Я чувствовал себя необыкновенно мягким, растроганным, но на душе все-таки было нелегко. Я ничего не стыдился. Но что-то ненормальное во всем этом странном отъезде безотчетно тревожило меня.
Минутами, как искорки, вспыхивали во мне странные до дерзости мысли: а что, мол, если сказать: «Надул я вас всех и вовсе в Македонию не собираюсь»… Взять да у всех на глазах и сказать Верочке какую-нибудь циничность…
Я рассеянно смотрел на стоявших передо мною людей и воображал, как уйдет поезд и они медленно, с тяжелыми думами будут расходиться по домам.
После второго звонка я стал прощаться. Я заранее, еще дома, решил поцеловаться с Верочкой последней. Я не знаю, почему так решил. Весьма возможно, что в этом опять-таки сказалась моя любовь разыгрывать чувствительные комедии. Разве не трогательно, в самом деле: он, герой с задумчивым взором, едет умирать за свободу, бросает привычную жизнь, друзей, любимую девушку, и вот она приехала на вокзал, никто не знает об их любви. Скрывая волненье, он целует ее последнюю, чтобы ярче сохранить в памяти последнюю ласку, которую, быть может, никогда больше не суждено повторить.
Я поцеловал Верочку с невольным волнением. Губы ее дрогнули, и холодная маленькая ручка до боли сжала мою руку.
Я встал на площадку вагона. Поезд вздрогнул и нехотя пополз мимо платформы. Глубоким, задумчивым взглядом обвел я всех провожавших меня, медленно снял шляпу и низко-низко поклонился. Все это я уже раньше придумал, заранее решил до малейшей черты, как все это будет, и теперь воспринимал происходящее как третье лицо.
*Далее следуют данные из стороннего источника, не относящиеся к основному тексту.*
theorem lemma3p3:
  fixes P :: "'a monoid" and act :: "'b::ab_group_add \<Rightarrow> 'a \<Rightarrow> 'b"
    and \<rho> :: "'a \<Rightarrow> 'a \<Rightarrow> 'b" and p :: nat
    and L H :: "'a set" and tL tH :: "'a \<Rightarrow> 'b" and w :: 'a and t :: 'b
  assumes grp: "group P" and fin: "finite (carrier P)"
    and pr: "Factorial_Ring.prime p" and pgrp: "\<exists>k. card (carrier P) = p ^ k"
    and mod: "right_action P act" and coc: "Z2 P act \<rho>"
    and LL: "calL P act \<rho> p L" and HL: "calL P act \<rho> p H"
    and CL: "is_complement (Ext P act \<rho>) (Cpl L tL (\<lambda>_. 0)) ({\<one>\<^bsub>P\<^esub>} \<times> UNIV) (L \<times> UNIV)"
    and CH: "is_complement (Ext P act \<rho>) (Cpl H tH (\<lambda>_. 0)) ({\<one>\<^bsub>P\<^esub>} \<times> UNIV) (H \<times> UNIV)"
    and w: "w \<in> carrier P"
    and LgH: "\<forall>l\<in>L. conj P l w \<in> H"
  shows
    "(\<forall>l\<in>L. zeta P act \<rho> tL tH (w, t) l
              = (\<one>\<^bsub>P\<^esub>, zeta_hat P act \<rho> tL tH w l - lambda_w P act t w l))
     \<and> (Z1 P act L (zetaT P act \<rho> tL tH (w, t)) \<longrightarrow>
          (\<forall>h \<in> (w, t) <#\<^bsub>Ext P act \<rho>\<^esub> ({\<one>\<^bsub>P\<^esub>} \<times> UNIV).
              Z1 P act L (zetaT P act \<rho> tL tH h)))
     \<and> ((\<exists>\<gamma> \<sigma>. Z1 P act L \<gamma> \<and> Z1 P act H \<sigma> \<and>
            (\<lambda>x. conj (Ext P act \<rho>) x (w, t)) ` Cpl L tL \<gamma> \<subseteq> Cpl H tH \<sigma>)
        \<longleftrightarrow> Z1 P act L (zetaT P act \<rho> tL tH (w, t)))
     \<and> (H = L \<longrightarrow>
          (\<forall>\<gamma>. Z1 P act L \<gamma> \<longrightarrow>
            ((\<forall>x\<in>Cpl L tL \<gamma>. x \<otimes>\<^bsub>Ext P act \<rho>\<^esub> (w, t) = (w, t) \<otimes>\<^bsub>Ext P act \<rho>\<^esub> x)
             \<longleftrightarrow> ((\<forall>l\<in>L. l \<otimes>\<^bsub>P\<^esub> w = w \<otimes>\<^bsub>P\<^esub> l) \<and>
                  (\<forall>l\<in>L. zetaT P act \<rho> tL tL (w, t) l
                          = act (\<gamma> (conj P l w)) (inv\<^bsub>P\<^esub> w) - \<gamma> l)))))"
proof -
  interpret group_extension P act \<rho>
    by (intro group_extension.intro group_extension_axioms.intro right_module.intro grp mod coc)
  have L: "subgroup L P" and H: "subgroup H P"
    using LL HL unfolding calL_def elementary_abelian_def by blast+
  show ?thesis
    using zeta_eq_zeta_hat_minus_lambda_w[OF subgroup.mem_carrier[OF L] w]
      conj_Cpl_subset_Cpl_iff_Z1_zetaT[OF L H w LgH]
      Cpl_centralised_iff[OF subgroup.subset[OF L] w]
    by (auto simp: Ext_coset_kernel w intro: Z1_zetaT_independent_of_t[OF L w])
qed

end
Торжественная, хорошая была минута!
Я стоял на площадке, покуда не скрылся из глаз последний электрический фонарь. Не хотелось идти в вагон – это бывает так: еще тяжелое настроение не охватило душу, а уже есть какое-то предчувствие, что когда сделаешь то-то и то-то, ну, хоть ногу на ногу положишь, то обязательно начнется, а покуда не шевелишься – ничего.
Но становилось холодно, и я вошел в вагон, темный, душный, почти пустой. Я сел на диван и внезапно почувствовал себя слабым, разбитым, маленьким и, главное, совсем-совсем ненужным. Изо всех углов вагона, словно пользуясь моей беспомощностью, стали выползать далекие воспоминания, забытые чувства, а главное – вопросы и вопросы без конца; я даже не сознавал их вполне отчетливо, а так, всем существом чувствовал, что нужно на что-то обязательно, неотложно ответить…
У меня сохранилось из раннего детства одно чрезвычайно трогательное воспоминание. Мне было тогда, должно быть, лет пять. У соседей умер мальчик, такой же маленький, как и я. Помню, это было весной, цвел жасмин. Маленький гробик весь убрали цветами. Когда его несли, я все время придерживал за металлическую ручку, она была холодная, и мне почему-то казалось, что она тоже мертвая. Долго после этого у меня была странная потребность играть в похороны. Я сделал себе куклу, положил ее в ящичек, убрал жасмином и ходил далеко по дорожке в парк зарывать ее под густой, тенистой липой. Я не любил, когда это видели другие, и всегда неудержимо плакал над своей игрушечной могилой. Весьма возможно, что тут и тогда уже было не столько любви к покойному, сколько жалости к самому себе.